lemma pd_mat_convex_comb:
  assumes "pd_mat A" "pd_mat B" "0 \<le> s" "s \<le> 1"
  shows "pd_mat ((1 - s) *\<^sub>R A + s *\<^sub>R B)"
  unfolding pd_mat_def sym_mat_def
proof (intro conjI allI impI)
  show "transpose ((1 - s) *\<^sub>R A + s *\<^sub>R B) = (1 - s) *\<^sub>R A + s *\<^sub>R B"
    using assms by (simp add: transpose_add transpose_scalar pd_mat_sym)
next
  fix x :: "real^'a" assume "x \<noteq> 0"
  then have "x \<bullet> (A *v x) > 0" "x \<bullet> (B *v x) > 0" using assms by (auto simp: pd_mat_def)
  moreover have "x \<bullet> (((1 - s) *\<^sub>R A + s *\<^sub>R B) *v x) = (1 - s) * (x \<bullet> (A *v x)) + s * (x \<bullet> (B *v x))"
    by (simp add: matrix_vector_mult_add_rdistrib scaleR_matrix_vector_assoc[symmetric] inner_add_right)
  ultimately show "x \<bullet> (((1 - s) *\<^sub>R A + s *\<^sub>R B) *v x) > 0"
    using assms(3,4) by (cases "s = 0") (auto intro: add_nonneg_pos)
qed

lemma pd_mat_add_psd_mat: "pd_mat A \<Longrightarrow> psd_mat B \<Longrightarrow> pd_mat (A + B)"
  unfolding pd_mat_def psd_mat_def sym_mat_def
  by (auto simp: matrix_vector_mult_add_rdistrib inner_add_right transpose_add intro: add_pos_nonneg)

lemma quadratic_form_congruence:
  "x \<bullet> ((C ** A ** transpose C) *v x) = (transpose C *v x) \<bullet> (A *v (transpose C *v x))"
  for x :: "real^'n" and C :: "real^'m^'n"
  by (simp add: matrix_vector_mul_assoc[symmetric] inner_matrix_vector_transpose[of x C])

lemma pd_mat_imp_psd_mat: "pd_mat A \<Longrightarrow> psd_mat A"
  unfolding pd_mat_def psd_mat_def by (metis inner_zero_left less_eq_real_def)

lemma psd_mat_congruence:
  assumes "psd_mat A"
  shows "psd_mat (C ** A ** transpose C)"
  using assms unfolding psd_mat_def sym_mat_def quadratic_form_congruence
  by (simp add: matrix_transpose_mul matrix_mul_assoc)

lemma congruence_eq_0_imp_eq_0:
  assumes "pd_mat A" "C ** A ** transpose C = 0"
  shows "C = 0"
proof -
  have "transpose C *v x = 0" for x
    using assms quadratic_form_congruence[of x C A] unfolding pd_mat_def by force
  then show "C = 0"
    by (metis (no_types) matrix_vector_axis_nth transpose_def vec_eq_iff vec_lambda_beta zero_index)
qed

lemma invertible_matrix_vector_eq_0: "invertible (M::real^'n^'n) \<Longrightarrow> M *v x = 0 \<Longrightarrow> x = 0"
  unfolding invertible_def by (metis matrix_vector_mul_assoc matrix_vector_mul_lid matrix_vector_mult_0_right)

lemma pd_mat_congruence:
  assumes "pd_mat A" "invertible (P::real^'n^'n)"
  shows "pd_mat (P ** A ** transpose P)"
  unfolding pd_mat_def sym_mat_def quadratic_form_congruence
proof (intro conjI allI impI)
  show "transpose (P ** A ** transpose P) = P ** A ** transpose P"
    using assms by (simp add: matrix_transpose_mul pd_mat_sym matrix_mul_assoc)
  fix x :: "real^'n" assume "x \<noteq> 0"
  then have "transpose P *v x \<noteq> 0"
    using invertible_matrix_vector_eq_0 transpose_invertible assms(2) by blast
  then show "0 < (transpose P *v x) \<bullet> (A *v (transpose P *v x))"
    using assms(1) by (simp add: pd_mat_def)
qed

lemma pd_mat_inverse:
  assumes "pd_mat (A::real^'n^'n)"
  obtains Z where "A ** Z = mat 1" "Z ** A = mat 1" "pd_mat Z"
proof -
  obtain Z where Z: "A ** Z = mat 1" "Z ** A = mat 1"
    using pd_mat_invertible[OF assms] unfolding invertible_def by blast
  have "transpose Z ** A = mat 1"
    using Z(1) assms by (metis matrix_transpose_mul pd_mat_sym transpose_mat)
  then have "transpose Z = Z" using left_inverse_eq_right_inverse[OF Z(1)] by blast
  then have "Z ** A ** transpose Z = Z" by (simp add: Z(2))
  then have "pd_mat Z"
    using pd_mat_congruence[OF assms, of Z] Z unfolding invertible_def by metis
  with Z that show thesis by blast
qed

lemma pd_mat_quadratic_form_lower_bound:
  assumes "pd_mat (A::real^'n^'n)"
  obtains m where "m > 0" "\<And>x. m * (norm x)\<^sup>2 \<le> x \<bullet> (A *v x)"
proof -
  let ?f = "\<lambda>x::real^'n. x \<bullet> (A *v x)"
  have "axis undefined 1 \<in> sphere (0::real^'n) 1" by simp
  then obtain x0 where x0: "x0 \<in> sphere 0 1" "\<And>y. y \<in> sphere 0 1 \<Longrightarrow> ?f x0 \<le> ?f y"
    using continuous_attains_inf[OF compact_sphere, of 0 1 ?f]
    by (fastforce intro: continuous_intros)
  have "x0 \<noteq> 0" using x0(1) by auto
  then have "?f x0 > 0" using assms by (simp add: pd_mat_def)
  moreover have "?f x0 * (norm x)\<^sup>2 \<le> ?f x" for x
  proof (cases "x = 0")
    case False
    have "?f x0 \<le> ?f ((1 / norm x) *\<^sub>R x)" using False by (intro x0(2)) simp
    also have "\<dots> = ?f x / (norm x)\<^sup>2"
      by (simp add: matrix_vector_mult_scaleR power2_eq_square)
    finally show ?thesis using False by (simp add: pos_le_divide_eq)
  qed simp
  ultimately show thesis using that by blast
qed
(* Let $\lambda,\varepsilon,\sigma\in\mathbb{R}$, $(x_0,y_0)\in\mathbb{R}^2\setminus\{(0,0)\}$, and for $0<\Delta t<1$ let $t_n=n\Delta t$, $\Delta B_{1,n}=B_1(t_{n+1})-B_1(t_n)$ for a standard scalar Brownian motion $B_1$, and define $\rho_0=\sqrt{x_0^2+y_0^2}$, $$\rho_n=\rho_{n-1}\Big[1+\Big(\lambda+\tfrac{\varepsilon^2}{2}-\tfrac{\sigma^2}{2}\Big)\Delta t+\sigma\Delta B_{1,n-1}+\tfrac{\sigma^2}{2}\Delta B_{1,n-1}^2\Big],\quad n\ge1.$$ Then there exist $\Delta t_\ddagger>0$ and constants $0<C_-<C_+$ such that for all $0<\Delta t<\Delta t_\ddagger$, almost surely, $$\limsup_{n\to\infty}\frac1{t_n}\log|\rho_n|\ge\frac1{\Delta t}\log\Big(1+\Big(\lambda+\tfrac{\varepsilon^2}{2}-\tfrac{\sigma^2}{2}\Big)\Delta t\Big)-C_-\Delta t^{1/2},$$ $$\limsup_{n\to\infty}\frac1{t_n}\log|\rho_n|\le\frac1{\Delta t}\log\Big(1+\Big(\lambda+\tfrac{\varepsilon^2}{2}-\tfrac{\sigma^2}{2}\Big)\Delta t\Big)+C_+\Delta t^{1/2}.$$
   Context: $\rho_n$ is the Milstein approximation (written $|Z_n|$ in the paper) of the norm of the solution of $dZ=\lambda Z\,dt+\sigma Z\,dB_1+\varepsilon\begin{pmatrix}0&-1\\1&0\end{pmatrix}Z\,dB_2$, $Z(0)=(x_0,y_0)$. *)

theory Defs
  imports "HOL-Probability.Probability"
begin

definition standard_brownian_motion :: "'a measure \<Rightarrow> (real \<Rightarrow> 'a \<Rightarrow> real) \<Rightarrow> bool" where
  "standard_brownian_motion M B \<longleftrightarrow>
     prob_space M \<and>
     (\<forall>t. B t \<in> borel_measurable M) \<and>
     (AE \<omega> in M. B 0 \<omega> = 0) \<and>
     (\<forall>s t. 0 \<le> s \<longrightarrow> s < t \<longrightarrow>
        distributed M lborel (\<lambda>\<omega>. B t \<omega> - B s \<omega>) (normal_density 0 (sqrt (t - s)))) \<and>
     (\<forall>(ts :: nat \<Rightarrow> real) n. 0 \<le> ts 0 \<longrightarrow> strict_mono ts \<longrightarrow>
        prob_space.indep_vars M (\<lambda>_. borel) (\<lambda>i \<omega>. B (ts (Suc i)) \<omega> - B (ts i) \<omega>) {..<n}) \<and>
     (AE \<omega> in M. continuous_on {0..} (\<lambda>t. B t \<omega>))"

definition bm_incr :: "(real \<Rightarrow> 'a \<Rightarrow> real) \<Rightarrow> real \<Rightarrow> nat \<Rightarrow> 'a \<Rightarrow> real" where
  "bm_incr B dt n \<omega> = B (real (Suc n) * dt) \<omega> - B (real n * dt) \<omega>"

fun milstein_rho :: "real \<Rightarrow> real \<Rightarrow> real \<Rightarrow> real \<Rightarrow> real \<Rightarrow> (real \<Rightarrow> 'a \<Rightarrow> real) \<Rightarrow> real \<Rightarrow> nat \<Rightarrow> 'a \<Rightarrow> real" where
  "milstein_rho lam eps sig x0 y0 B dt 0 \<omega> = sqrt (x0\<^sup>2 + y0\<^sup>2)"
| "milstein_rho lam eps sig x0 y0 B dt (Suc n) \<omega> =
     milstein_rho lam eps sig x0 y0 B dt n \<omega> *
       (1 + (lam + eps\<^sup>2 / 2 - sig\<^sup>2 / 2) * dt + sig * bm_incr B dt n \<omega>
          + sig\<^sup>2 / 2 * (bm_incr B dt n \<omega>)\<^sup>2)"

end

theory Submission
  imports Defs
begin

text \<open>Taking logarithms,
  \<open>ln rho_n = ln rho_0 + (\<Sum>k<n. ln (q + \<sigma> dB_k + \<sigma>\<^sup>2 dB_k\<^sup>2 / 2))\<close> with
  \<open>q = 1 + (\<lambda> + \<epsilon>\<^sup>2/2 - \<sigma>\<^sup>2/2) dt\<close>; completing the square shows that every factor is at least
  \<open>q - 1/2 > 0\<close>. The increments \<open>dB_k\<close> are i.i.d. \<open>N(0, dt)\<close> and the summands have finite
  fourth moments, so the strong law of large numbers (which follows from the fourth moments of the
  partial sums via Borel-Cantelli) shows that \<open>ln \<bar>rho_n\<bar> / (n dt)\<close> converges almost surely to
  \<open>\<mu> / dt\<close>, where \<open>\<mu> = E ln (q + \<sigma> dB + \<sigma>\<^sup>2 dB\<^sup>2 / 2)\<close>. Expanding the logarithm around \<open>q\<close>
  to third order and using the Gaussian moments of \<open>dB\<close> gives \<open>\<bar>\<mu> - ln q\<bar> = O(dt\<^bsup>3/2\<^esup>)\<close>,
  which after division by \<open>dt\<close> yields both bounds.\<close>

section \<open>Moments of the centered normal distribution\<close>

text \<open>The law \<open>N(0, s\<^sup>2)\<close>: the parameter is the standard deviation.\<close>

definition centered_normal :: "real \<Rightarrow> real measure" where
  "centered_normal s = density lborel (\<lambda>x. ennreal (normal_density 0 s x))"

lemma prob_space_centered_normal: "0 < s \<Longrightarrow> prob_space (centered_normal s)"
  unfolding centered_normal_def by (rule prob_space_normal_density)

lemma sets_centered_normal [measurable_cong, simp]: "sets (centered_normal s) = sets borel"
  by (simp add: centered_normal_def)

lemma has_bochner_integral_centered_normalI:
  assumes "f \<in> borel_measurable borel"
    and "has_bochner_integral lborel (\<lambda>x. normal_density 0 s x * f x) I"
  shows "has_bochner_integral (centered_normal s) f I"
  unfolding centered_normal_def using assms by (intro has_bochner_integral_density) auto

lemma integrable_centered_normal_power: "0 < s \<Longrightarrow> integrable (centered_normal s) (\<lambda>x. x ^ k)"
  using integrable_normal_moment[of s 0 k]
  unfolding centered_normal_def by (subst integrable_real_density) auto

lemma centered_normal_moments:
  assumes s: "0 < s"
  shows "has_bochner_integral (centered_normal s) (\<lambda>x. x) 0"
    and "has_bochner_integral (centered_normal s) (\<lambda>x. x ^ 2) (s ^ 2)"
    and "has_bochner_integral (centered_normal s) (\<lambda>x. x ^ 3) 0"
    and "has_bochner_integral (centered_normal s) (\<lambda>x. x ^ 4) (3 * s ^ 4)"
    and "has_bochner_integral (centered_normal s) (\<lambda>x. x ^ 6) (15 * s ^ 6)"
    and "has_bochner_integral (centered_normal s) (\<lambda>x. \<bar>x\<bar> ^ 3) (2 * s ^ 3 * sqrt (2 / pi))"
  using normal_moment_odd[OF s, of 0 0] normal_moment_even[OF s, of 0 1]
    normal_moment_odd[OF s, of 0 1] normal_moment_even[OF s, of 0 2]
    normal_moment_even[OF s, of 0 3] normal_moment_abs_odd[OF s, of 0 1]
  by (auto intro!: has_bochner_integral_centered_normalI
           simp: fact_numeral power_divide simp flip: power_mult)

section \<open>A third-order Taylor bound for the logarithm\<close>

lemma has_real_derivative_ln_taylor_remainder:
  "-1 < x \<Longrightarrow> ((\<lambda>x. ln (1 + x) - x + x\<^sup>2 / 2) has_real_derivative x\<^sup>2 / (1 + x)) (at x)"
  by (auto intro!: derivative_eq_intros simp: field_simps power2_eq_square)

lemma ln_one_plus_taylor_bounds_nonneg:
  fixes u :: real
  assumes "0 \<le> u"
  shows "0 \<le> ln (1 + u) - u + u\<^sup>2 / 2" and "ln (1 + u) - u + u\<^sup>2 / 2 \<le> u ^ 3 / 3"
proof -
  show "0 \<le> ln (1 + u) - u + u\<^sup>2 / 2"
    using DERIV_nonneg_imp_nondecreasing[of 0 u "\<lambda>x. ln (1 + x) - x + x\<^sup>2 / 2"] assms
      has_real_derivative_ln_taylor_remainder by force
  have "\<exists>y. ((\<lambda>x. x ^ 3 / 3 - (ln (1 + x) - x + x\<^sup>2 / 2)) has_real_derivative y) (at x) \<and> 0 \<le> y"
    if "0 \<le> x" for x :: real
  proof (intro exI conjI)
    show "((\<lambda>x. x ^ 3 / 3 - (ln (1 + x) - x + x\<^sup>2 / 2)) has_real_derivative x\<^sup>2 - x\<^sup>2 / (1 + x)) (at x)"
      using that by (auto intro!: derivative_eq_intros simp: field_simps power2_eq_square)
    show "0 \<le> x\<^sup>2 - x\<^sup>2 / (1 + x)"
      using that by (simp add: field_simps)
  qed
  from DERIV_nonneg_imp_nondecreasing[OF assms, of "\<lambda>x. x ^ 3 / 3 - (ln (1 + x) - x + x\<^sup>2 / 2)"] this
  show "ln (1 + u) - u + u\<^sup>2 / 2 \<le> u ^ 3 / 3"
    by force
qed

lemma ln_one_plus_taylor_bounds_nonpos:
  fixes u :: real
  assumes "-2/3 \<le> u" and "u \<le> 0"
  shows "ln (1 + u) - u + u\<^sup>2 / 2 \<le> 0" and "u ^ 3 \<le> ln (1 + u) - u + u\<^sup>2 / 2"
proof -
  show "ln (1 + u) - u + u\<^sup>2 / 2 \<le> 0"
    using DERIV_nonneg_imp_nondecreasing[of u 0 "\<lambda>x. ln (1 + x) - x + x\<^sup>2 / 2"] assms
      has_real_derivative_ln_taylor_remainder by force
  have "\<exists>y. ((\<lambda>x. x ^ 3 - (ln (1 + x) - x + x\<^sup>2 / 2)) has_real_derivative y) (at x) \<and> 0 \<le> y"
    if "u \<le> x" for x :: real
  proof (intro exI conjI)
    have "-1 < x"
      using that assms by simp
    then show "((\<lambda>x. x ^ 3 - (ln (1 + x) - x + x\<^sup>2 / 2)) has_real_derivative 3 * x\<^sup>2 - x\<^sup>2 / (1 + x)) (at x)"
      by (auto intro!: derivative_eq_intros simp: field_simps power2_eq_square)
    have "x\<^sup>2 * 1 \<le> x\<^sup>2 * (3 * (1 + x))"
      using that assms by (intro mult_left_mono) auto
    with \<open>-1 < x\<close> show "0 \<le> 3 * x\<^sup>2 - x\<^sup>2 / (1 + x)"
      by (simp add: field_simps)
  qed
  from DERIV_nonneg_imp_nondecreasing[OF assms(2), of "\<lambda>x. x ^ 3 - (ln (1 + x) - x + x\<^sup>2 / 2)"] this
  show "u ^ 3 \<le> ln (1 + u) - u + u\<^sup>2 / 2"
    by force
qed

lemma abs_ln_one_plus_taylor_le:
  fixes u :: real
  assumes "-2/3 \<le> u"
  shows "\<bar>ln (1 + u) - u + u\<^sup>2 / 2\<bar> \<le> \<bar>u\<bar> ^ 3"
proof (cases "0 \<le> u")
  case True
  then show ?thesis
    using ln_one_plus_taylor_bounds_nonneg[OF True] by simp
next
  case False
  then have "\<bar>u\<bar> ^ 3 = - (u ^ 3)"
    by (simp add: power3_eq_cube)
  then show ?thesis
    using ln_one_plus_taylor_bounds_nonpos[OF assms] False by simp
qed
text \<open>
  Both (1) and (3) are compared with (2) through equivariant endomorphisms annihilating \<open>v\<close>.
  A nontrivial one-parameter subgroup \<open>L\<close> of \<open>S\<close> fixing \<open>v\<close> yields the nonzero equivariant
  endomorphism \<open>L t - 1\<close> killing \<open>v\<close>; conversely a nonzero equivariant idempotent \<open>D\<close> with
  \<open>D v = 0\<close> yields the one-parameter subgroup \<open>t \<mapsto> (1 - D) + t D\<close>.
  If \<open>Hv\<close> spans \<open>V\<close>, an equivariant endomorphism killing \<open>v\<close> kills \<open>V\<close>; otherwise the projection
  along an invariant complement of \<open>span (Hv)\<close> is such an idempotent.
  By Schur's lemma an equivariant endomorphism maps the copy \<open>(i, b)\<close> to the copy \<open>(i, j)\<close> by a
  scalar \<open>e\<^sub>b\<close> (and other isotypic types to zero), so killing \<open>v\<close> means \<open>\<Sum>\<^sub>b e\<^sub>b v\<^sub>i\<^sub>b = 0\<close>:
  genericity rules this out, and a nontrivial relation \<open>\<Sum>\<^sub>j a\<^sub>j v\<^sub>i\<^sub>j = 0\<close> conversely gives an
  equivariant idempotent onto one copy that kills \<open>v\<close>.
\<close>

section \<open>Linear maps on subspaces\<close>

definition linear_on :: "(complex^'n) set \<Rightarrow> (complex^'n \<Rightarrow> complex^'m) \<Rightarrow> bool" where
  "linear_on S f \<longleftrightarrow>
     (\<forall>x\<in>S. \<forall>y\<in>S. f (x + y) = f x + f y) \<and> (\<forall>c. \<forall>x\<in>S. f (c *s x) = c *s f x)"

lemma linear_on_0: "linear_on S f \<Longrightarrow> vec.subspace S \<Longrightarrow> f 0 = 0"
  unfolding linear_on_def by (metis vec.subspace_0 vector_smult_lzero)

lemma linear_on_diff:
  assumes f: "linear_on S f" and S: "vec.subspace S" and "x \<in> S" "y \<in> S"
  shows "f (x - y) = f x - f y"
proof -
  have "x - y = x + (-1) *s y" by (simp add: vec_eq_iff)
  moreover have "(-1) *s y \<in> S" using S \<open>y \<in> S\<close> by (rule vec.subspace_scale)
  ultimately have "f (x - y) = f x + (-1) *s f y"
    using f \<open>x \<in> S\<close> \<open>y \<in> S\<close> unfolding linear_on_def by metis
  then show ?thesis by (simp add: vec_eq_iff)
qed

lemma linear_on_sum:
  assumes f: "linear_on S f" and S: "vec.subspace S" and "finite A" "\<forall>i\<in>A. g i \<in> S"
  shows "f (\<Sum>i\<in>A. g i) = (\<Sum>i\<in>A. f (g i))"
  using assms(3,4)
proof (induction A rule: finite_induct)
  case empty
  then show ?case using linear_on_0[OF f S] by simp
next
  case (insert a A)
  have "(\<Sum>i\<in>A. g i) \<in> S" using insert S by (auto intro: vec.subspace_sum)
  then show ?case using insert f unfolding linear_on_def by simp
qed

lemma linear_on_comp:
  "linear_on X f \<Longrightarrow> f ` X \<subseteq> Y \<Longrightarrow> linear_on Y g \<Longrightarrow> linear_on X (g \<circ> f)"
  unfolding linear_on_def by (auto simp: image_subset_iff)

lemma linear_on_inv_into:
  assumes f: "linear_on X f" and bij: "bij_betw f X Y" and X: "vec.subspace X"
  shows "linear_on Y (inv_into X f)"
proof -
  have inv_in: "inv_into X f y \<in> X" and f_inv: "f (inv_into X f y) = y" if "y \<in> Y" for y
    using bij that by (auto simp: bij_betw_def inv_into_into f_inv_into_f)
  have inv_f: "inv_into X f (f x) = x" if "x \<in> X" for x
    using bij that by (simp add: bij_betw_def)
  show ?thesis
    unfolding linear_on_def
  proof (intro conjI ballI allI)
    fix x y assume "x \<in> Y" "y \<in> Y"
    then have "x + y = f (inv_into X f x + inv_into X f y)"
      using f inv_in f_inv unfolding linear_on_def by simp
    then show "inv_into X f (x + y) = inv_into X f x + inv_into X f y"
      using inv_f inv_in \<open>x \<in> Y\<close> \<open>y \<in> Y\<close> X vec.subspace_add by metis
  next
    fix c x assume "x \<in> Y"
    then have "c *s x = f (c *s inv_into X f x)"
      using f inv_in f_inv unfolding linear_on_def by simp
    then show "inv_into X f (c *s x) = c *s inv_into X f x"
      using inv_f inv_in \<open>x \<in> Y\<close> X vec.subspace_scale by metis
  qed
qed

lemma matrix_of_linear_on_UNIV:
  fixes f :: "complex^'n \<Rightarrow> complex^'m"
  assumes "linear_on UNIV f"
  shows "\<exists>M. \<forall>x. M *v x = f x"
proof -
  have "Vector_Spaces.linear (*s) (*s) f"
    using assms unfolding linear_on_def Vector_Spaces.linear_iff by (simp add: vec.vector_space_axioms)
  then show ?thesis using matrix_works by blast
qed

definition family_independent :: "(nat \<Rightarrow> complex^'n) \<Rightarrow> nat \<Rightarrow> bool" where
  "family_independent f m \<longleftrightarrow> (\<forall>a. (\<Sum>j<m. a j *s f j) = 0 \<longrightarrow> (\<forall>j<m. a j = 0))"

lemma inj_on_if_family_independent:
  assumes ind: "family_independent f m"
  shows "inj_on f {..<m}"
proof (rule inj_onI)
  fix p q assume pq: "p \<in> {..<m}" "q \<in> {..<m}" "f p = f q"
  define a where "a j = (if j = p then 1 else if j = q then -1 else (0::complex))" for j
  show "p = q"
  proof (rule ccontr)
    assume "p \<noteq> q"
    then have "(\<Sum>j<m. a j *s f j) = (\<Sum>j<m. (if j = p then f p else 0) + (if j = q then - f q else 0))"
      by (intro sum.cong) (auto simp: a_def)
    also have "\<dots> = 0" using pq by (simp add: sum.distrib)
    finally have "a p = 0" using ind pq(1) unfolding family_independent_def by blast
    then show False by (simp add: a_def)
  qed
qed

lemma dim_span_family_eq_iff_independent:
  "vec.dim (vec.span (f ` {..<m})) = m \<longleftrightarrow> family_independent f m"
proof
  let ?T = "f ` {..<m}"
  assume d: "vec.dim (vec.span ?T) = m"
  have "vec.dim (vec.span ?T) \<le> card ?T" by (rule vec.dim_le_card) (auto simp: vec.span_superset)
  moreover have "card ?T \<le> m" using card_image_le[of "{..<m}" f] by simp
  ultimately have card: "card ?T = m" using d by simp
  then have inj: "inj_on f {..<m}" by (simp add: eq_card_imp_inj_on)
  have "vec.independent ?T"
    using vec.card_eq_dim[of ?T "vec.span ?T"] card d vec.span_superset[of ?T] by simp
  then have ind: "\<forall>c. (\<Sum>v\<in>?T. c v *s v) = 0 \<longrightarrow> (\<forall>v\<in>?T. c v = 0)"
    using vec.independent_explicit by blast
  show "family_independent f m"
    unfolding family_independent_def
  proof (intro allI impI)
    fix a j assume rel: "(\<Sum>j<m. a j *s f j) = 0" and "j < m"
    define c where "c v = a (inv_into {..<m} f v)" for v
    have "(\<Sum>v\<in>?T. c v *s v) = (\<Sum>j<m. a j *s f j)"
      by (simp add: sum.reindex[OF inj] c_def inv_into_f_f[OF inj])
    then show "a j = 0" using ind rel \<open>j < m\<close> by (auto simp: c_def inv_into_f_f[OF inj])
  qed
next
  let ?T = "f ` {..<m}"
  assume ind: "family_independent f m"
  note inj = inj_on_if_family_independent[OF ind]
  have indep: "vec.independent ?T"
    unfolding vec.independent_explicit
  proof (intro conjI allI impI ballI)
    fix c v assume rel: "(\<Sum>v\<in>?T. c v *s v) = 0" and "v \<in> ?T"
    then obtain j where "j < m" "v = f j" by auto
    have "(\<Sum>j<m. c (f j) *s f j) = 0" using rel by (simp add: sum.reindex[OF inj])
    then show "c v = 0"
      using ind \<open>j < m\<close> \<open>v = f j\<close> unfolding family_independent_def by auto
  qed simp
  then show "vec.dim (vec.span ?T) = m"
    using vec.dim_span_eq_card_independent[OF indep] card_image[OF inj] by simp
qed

§ Task prompt: After locating the line holding "section \<open>Linear maps" above, output exactly that line and every line after it through the line holding "proof (induction A rule: finite_induct)". Include nothing else.

§ Response:
section \<open>Linear maps on subspaces\<close>

definition linear_on :: "(complex^'n) set \<Rightarrow> (complex^'n \<Rightarrow> complex^'m) \<Rightarrow> bool" where
  "linear_on S f \<longleftrightarrow>
     (\<forall>x\<in>S. \<forall>y\<in>S. f (x + y) = f x + f y) \<and> (\<forall>c. \<forall>x\<in>S. f (c *s x) = c *s f x)"

lemma linear_on_0: "linear_on S f \<Longrightarrow> vec.subspace S \<Longrightarrow> f 0 = 0"
  unfolding linear_on_def by (metis vec.subspace_0 vector_smult_lzero)

lemma linear_on_diff:
  assumes f: "linear_on S f" and S: "vec.subspace S" and "x \<in> S" "y \<in> S"
  shows "f (x - y) = f x - f y"
proof -
  have "x - y = x + (-1) *s y" by (simp add: vec_eq_iff)
  moreover have "(-1) *s y \<in> S" using S \<open>y \<in> S\<close> by (rule vec.subspace_scale)
  ultimately have "f (x - y) = f x + (-1) *s f y"
    using f \<open>x \<in> S\<close> \<open>y \<in> S\<close> unfolding linear_on_def by metis
  then show ?thesis by (simp add: vec_eq_iff)
qed

lemma linear_on_sum:
  assumes f: "linear_on S f" and S: "vec.subspace S" and "finite A" "\<forall>i\<in>A. g i \<in> S"
  shows "f (\<Sum>i\<in>A. g i) = (\<Sum>i\<in>A. f (g i))"
  using assms(3,4)
proof (induction A rule: finite_induct)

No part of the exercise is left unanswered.